Tensions in Sino-Japanese Relations: The Senkaku Islands


Recently, the exacerbation of hostility in the East and South China Seas has attracted much attention. Disputes over the sovereignty of a group of tiny uninhabited islands and cliffs administered by Japan and called the Senkaku Islands periodically spoil relations between China and Japan. The recently increased presence of Chinese chips in the nearby waters of the Senkaku increases fears about possible clashes between the two countries.

So, on October 20, the 11th District Coast Guard Headquarters in Naha country (Okinawa, Japan) announced that 4 Chinese ships violated the territorial waters of Japan in the disputed Senkaku archipelago. According to public broadcaster NHK, this is the 30th violation of Japanese territorial waters by Chinese-flagged ships this year.

Although Japan denies the existence of a sovereignty dispute, the issue of Senkaku status has been and remains the source of many Sino-Japanese disputes.

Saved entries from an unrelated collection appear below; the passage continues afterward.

(* Let $w$ be a nonempty string. For any two strings $u, v \in \mathit{LFCand}(w)$ with $|u| < |v|$, $u$ is a prefix of $v$.
   Context: Let $\Sigma$ be a finite ordered alphabet, $\Sigma^+$ the set of nonempty strings over $\Sigma$. For nonempty strings $x,y$, write $x \prec y$ if either $x$ is a proper prefix of $y$, or at the first position $k$ where $x$ and $y$ differ we have $x[k] \prec y[k]$. For a set $S$ of nonempty strings, $\min_\prec S$ is its lexicographically smallest element. $\mathit{Suffix}(w)$ denotes the set of (nonempty) suffixes of $w$. For a nonempty string $w$, $\mathit{LFCand}(w) = \{x \in \mathit{Suffix}(w) \mid \exists y \in \Sigma^+ \text{ such that } xy = \min_\prec \mathit{Suffix}(wy)\}$. *)

theory Defs
  imports Main "HOL-Library.Sublist"
begin

definition lex_less :: "'a::linorder list \<Rightarrow> 'a list \<Rightarrow> bool" where
  "lex_less x y \<longleftrightarrow>
     (strict_prefix x y) \<or>
     (\<exists>k < length x. k < length y \<and> (\<forall>i < k. x ! i = y ! i) \<and> x ! k < y ! k)"

definition Suffixes :: "'a list \<Rightarrow> 'a list set" where
  "Suffixes w = {x. x \<noteq> [] \<and> suffix x w}"

definition is_lex_min :: "'a::linorder list \<Rightarrow> 'a list set \<Rightarrow> bool" where
  "is_lex_min m S \<longleftrightarrow> m \<in> S \<and> (\<forall>s \<in> S. s \<noteq> m \<longrightarrow> lex_less m s)"

definition LFCand :: "'a::linorder list \<Rightarrow> 'a list set" where
  "LFCand w = {x \<in> Suffixes w. \<exists>y. y \<noteq> [] \<and> is_lex_min (x @ y) (Suffixes (w @ y))}"

end

theory Submission
  imports Defs
begin

text \<open>Suppose u is shorter than v but not a prefix of it, and let k be the first position
  where they differ. Extending both by the witness y of u keeps v y a suffix of w y, so
  minimality of u y gives u!k < v!k; extending both by the witness of v gives v!k < u!k.\<close>

lemma lex_less_iff_first_mismatch:
  assumes "k < length x" "k < length z" "\<forall>i<k. x ! i = z ! i" "x ! k \<noteq> z ! k"
  shows "lex_less x z \<longleftrightarrow> x ! k < z ! k"
proof
  assume "lex_less x z"
  then consider "strict_prefix x z"
    | k' where "k' < length x" "k' < length z" "\<forall>i<k'. x ! i = z ! i" "x ! k' < z ! k'"
    unfolding lex_less_def by blast
  then show "x ! k < z ! k"
  proof cases
    case 1
    then obtain t where "z = x @ t" by (auto simp: strict_prefix_def prefix_def)
    then show ?thesis using assms by (simp add: nth_append)
  next
    case 2
    then show ?thesis using assms by (metis less_irrefl linorder_neqE_nat)
  qed
next
  assume "x ! k < z ! k"
  then show "lex_less x z" using assms unfolding lex_less_def by blast
qed

lemma not_prefix_first_mismatch:
  assumes "length u \<le> length v" "\<not> prefix u v"
  obtains k where "k < length u" "\<forall>i<k. u ! i = v ! i" "u ! k \<noteq> v ! k"
proof -
  have "\<exists>k<length u. u ! k \<noteq> v ! k"
  proof (rule ccontr)
    assume "\<not> ?thesis"
    then have "take (length u) v = u" using assms(1) by (intro nth_equalityI) auto
    then show False using assms(2) take_is_prefix[of "length u" v] by simp
  qed
  then obtain k where "k < length u" "u ! k \<noteq> v ! k"
    and least: "\<forall>i<k. \<not> (i < length u \<and> u ! i \<noteq> v ! i)"
    using exists_least_iff[of "\<lambda>k. k < length u \<and> u ! k \<noteq> v ! k"] by blast
  moreover have "\<forall>i<k. u ! i = v ! i" using least \<open>k < length u\<close> by auto
  ultimately show thesis using that by blast
qed

lemma lex_less_append_first_mismatch:
  assumes "k < length u" "k < length v" "\<forall>i<k. u ! i = v ! i" "u ! k \<noteq> v ! k"
  shows "lex_less (u @ y) (v @ z) \<longleftrightarrow> u ! k < v ! k"
  using lex_less_iff_first_mismatch[of k "u @ y" "v @ z"] assms by (simp add: nth_append)

lemma Suffixes_append: "v \<in> Suffixes w \<Longrightarrow> v @ y \<in> Suffixes (w @ y)"
  by (auto simp: Suffixes_def suffix_def)

lemma is_lex_min_append_lex_less:
  assumes "is_lex_min (u @ y) (Suffixes (w @ y))" "v \<in> Suffixes w" "length u \<noteq> length v"
  shows "lex_less (u @ y) (v @ y)"
proof -
  have "u \<noteq> v" using assms(3) by blast
  then have "v @ y \<noteq> u @ y" by simp
  moreover have "v @ y \<in> Suffixes (w @ y)" using assms(2) by (rule Suffixes_append)
  ultimately show ?thesis using assms(1) unfolding is_lex_min_def by simp
qed

theorem lemma4:
  fixes w u v :: "'a::{linorder, finite} list"
  assumes "w \<noteq> []"
    and "u \<in> LFCand w" and "v \<in> LFCand w"
    and "length u < length v"
  shows "prefix u v"
proof (rule ccontr)
  assume "\<not> prefix u v"
  then obtain k where k: "k < length u" "\<forall>i<k. u ! i = v ! i" "u ! k \<noteq> v ! k"
    by (rule not_prefix_first_mismatch[OF less_imp_le[OF assms(4)]])
  have k_v: "k < length v" "\<forall>i<k. v ! i = u ! i" "v ! k \<noteq> u ! k"
    using k assms(4) by auto
  have u_suffix: "u \<in> Suffixes w" and v_suffix: "v \<in> Suffixes w"
    using assms(2,3) by (simp_all add: LFCand_def)
  obtain yu where "is_lex_min (u @ yu) (Suffixes (w @ yu))"
    using assms(2) unfolding LFCand_def by blast
  then have "lex_less (u @ yu) (v @ yu)"
    by (rule is_lex_min_append_lex_less[OF _ v_suffix]) (use assms(4) in simp)
  then have "u ! k < v ! k"
    using lex_less_append_first_mismatch[OF k(1) k_v(1) k(2,3)] by simp
  obtain yv where "is_lex_min (v @ yv) (Suffixes (w @ yv))"
    using assms(3) unfolding LFCand_def by blast
  then have "lex_less (v @ yv) (u @ yv)"
    by (rule is_lex_min_append_lex_less[OF _ u_suffix]) (use assms(4) in simp)
  then have "v ! k < u ! k"
    using lex_less_append_first_mismatch[OF k_v(1) k(1) k_v(2,3)] by simp
  with \<open>u ! k < v ! k\<close> show False by simp
qed

end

Background: What is the dispute about?

The People’s Republic of China (PRC), Taiwan and Japan disagree over the ownership of the Senkaku group of uninhabited islands. The PRC’s position is based on historical evidence supporting its claim that the islands were first discovered in 1372 during the Ming Dynasty (1368-1644). Thus, China claims that the islands have been “an integral part of Chinese territory since ancient times.”

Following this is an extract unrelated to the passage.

(* Let $a$ be a strongly regular scale factor (extended evenly to negative arguments) such that either (i) $\dot a(0^+)=0$ and there is $\epsilon>0$ with $\ddot a(t)\ge0$ on $(0,\epsilon)$, or (ii) $\infty>\dot a(0^+)>0$, and such that $\left|\frac{\dddot a(t)a^2(t)}{\dot a^3(t)}\right|\le C$ for all $t>0$ and some constant $C>0$. Consider the two-dimensional extended spacetime with coordinates $(\tau,\rho)$, $\tau>0$, $|\rho|<\rho_{\max}(\tau)$, and metric $ds^2=g_{\tau\tau}(\tau,\rho)\,d\tau^2+d\rho^2$. Then the cosmological-time-zero set $\mathcal M^0=\{(\tau,\pm\rho_{\mathcal M_\tau}):\tau>0\}$ is lightlike: for every $\tau>0$ the tangent vector $u=(1,\pm\frac{d\rho_{\mathcal M_\tau}}{d\tau})$ to $\mathcal M^0$ at $(\tau,\pm\rho_{\mathcal M_\tau})$ satisfies $g(u,u)=g_{\tau\tau}(\tau,\rho_{\mathcal M_\tau})+\left(\frac{d\rho_{\mathcal M_\tau}}{d\tau}\right)^2=0$.
   Context: A function $a:[0,\infty)\to[0,\infty)$ is a regular scale factor if: (a) $a(0)=0$; (b) $a$ is increasing and continuous on $[0,\infty)$, twice continuously differentiable on $(0,\infty)$, with an inverse function on $[0,\infty)$; (c) $\frac{a(t)\ddot a(t)}{\dot a(t)^2}\le1$ for all $t>0$ (presupposing $\dot a(t)\ne0$). It is strongly regular if also $\frac{a\ddot a}{\dot a^2}\ge-K$ on $(0,\infty)$ for a constant $K\ge1$. $\dot a(0^+)=\lim_{t\to0^+}\dot a(t)$. Extend $a$ by $a(-t)=a(t)$. The original spacetime is the two-dimensional Robertson–Walker spacetime $ds^2=-dt^2+a^2(t)d\chi^2$, $t>0$; $(\tau,\rho)$ are Fermi coordinates of the comoving observer at $\chi=0$ ($\tau$ proper time, $\rho$ proper distance along orthogonal spacelike geodesics). For $\tau>0$, $\rho_{\mathcal M_\tau}=\int_0^\tau\frac{a(t)}{\sqrt{a^2(\tau)-a^2(t)}}dt$. For $\tau>0$ and $|\rho|<2\rho_{\mathcal M_\tau}$, $t_0(\tau,\rho)$ is the unique $t_0\in(-\tau,\tau)$ with $|\rho|=\int_{t_0}^\tau\frac{a(t)}{\sqrt{a^2(\tau)-a^2(t)}}dt$ (the cosmological time of the point; $t_0=0$ iff $|\rho|=\rho_{\mathcal M_\tau}$). For $0\le t_0<\tau$, $f(\tau,t_0)=\int_{t_0}^{\tau}\frac{\ddot a(t)}{\dot a(t)^2}\left(\frac{\sqrt{a^2(\tau)-a^2(t_0)}}{\sqrt{a^2(\tau)-a^2(t)}}-1\right)dt$; for $-\tau<t_0<0$, $f(\tau,t_0)=2f(\tau,0)-f(\tau,-t_0)$. Then $g_{\tau\tau}(\tau,\rho)=-[1-\dot a(\tau)f(\tau,t_0(\tau,\rho))]^2$. Finally $\rho_{\max}(\tau)=\inf\{\rho:0<\rho<2\rho_{\mathcal M_\tau},\ g_{\tau\tau}(\tau,\rho)=0\}$ if this set is nonempty, and $\rho_{\max}(\tau)=2\rho_{\mathcal M_\tau}$ otherwise. *)

theory Defs
  imports "HOL-Analysis.Analysis"
begin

The position defended by Japan, which currently has administrative control over the islands (the island has been under Japanese administration since 1895), is based on the acquisition of ownership through discovery and occupation. Japan insists that the islands were incorporated into the Japanese territory in 1895 on the basis of the “terra nullius” (no man’s land) principle. After the end of World War II, Japan argued that the islands, as part of the Ryukyu archipelago, fell under the temporary jurisdiction of the United States, and in the early 1970s, they were returned to Japan along with Okinawa and other neighboring islands.

In general, the territorial dispute did not attract media attention until the events of September 2012, when the Japanese government made an official decision to acquire the Senkaku Islands from private owners (the islands were leased to a private person in 1896). This statement led to a wave of anti-Japanese sentiment in China and led to an escalation of the conflict over the Senkaku Islands. Since September 2012, several incidents involving the navy on both sides have been recorded in the islands’ coastal territories.

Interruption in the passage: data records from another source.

lemma FF_strict_mono_right:
  assumes "0 < e1" "e1 < e2" "e2 < 1/2" "e1 \<le> s" "s \<le> e2" "0 < p1" "0 < p2" "phi e1 e2 \<le> s"
    and "0 \<le> x" "x < y" "y < p1 * e1 / s"
  shows "FF s e1 p1 e2 p2 x < FF s e1 p1 e2 p2 y"
proof -
  have "s < 1/2" and L: "- p2 * (1 - 2 * e2) / (1 - 2 * s) < 0" using assms by auto
  have deriv: "(FF s e1 p1 e2 p2 has_real_derivative
      (bern_loglik s (ef s e2 p2 t) - bern_loglik s (ef s e1 p1 (- t))) / ln 2) (at t)"
    if "x \<le> t" "t \<le> y" for t
  proof (rule FF_has_real_derivative_window[OF assms(1,2,4,5) \<open>s < 1/2\<close> assms(6,7)])
    show "- p2 * (1 - 2 * e2) / (1 - 2 * s) < t" "t < p1 * e1 / s"
      using that assms L by linarith+
  qed
  show ?thesis
  proof (rule DERIV_pos_imp_increasing_open[OF \<open>x < y\<close>])
    fix t assume "x < t" "t < y"
    then have "bern_loglik s (ef s e1 p1 (- t)) < bern_loglik s (ef s e2 p2 t)"
      using assms by (intro bern_loglik_ef_less_right) auto
    then have "0 < (bern_loglik s (ef s e2 p2 t) - bern_loglik s (ef s e1 p1 (- t))) / ln 2"
      by simp
    with deriv[of t] \<open>x < t\<close> \<open>t < y\<close>
    show "\<exists>z. (FF s e1 p1 e2 p2 has_real_derivative z) (at t) \<and> 0 < z"
      by auto
  next
    show "continuous_on {x..y} (FF s e1 p1 e2 p2)"
      using deriv by (intro continuous_at_imp_continuous_on ballI DERIV_isCont) auto
  qed
qed

theorem lemma7:
  fixes e1 e2 :: real
  assumes "0 < e1" and "e1 < e2" and "e2 < 1/2"
  shows "e1 < phi e1 e2 \<and> phi e1 e2 < e2 \<and>
    (\<forall>s p1 p2. e1 \<le> s \<and> s \<le> e2 \<and> 0 < p1 \<and> 0 < p2 \<and> p1 + p2 \<le> 1 \<longrightarrow>
      ({- p2 * bse s e2 <..< p1 * bse s e1} = {- p2 * (1 - 2 * e2) / (1 - 2 * s) <..< p1 * e1 / s}
       \<and> (\<forall>x\<in>{- p2 * bse s e2 <..< p1 * bse s e1}.
            0 < ef s e1 p1 (- x) \<and> ef s e1 p1 (- x) < ef s e2 p2 x \<and> ef s e2 p2 x < 1/2))
      \<and> (s \<le> phi e1 e2 \<longrightarrow>
            (\<forall>x y. x \<in> {- p2 * bse s e2 <.. 0} \<and> y \<in> {- p2 * bse s e2 <.. 0} \<and> x < y \<longrightarrow>
               FF s e1 p1 e2 p2 y < FF s e1 p1 e2 p2 x))
      \<and> (phi e1 e2 \<le> s \<longrightarrow>
            (\<forall>x y. x \<in> {0 ..< p1 * bse s e1} \<and> y \<in> {0 ..< p1 * bse s e1} \<and> x < y \<longrightarrow>
               FF s e1 p1 e2 p2 x < FF s e1 p1 e2 p2 y)))"
  (is "_ \<and> _ \<and> (\<forall>s p1 p2. _ \<longrightarrow> ?claim s p1 p2)")
proof -
  have "e2 < 1" using assms by simp
  note phi = phi_bounds[OF assms(1,2) this]
  have "?claim s p1 p2" if "e1 \<le> s" "s \<le> e2" "0 < p1" "0 < p2" for s p1 p2
  proof -
    have "0 < s" "s < 1/2" using that assms by auto
    then have "- p2 * bse s e2 = - p2 * (1 - 2 * e2) / (1 - 2 * s)" "p1 * bse s e1 = p1 * e1 / s"
      using bse_above[of s e2] bse_below[of e1 s] that assms by simp_all
    then show ?thesis
      using ef_window[OF assms(1,2) that(1,2) \<open>s < 1/2\<close> that(3,4)]
        FF_strict_antimono_left[OF assms that] FF_strict_mono_right[OF assms that]
      by auto
  qed
  with phi show ?thesis by blast
qed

Factors aggravating the dispute between Japan and China

The situation is complicated by the fact that each side categorically defends the ownership of the islands, accusing the other of violating international law and state sovereignty.

In addition to this, there are also a number of other factors that aggravate the situation around the Senkaku Islands and delay the resolution of the problem.

One of these factors is the defense treaty between the United States and Japan. The Senkaku Islands, falling under Article 5 of the Treaty on Mutual Cooperation and Security between Japan and the United States, according to which the entire territory of Japan is protected by American troops in the event of an external threat, becomes a stumbling block in Japanese-Chinese relations.

On the other side, China is also taking retaliatory measures. Thus, on February 1, 2021, China adopted a new law in the field of maritime safety. This legislation allows Chinese Coast Guard ships to use weapons against foreign ships in the situation of the latter entering Chinese territorial waters, which in Beijing includes the waters around the Senkaku Islands.

Position of the USA and Russia

The US de facto supports Japan, which is clearly seen in the statements of the United States. For example, in May 2013, the US Department of Defence in the report “Military and Security Issues of 2013 related to the PRC” criticized China’s claims to the islands, stating that the PRC’s actions contradict international maritime law. On November 12, 2020, US president Joe Biden, before his inauguration, officially confirmed Washington’s recognition of the Senkaku Islands belonging to Japan and declared the US readiness to defend their sovereignty in the event of aggression by China. Moreover, in March of this year, US Secretary of State Anthony Blinken and Defence Secretary Lloyd Austin agreed with their Japanese colleagues to counter any unilateral attempts by China to undermine Tokyo’s control over Senkaku.

As for Russia, it officially declares that it takes a neutral position concerning those territorial issues to which it is not a party. However, it is entirely possible that Russia, which also has territorial disputes with Japan, could support China to put pressure on Tokyo. For example, in June 2016, Russian and Chinese warships marched near the Senkaku Islands during joint drills, which was evaluated by observers as a sign of solidarity in anti-Japanese cooperation with China.

Is a direct confrontation possible?

China’s naval activation and its attempts to strengthen its positions in the East China Sea are perceived by Japan as a direct threat to its security. However, there is no need to talk about direct confrontation yet. The risk of unforeseen military clashes during such dangerous maneuvers remains high, but it is still temporary.

In turn, it is also important to emphasize that the islands have become a symbol of something more than just economic and legal interests. Here we are talking more about the geopolitical balance in the East China Sea, where the activation of regional powers has recently been observed.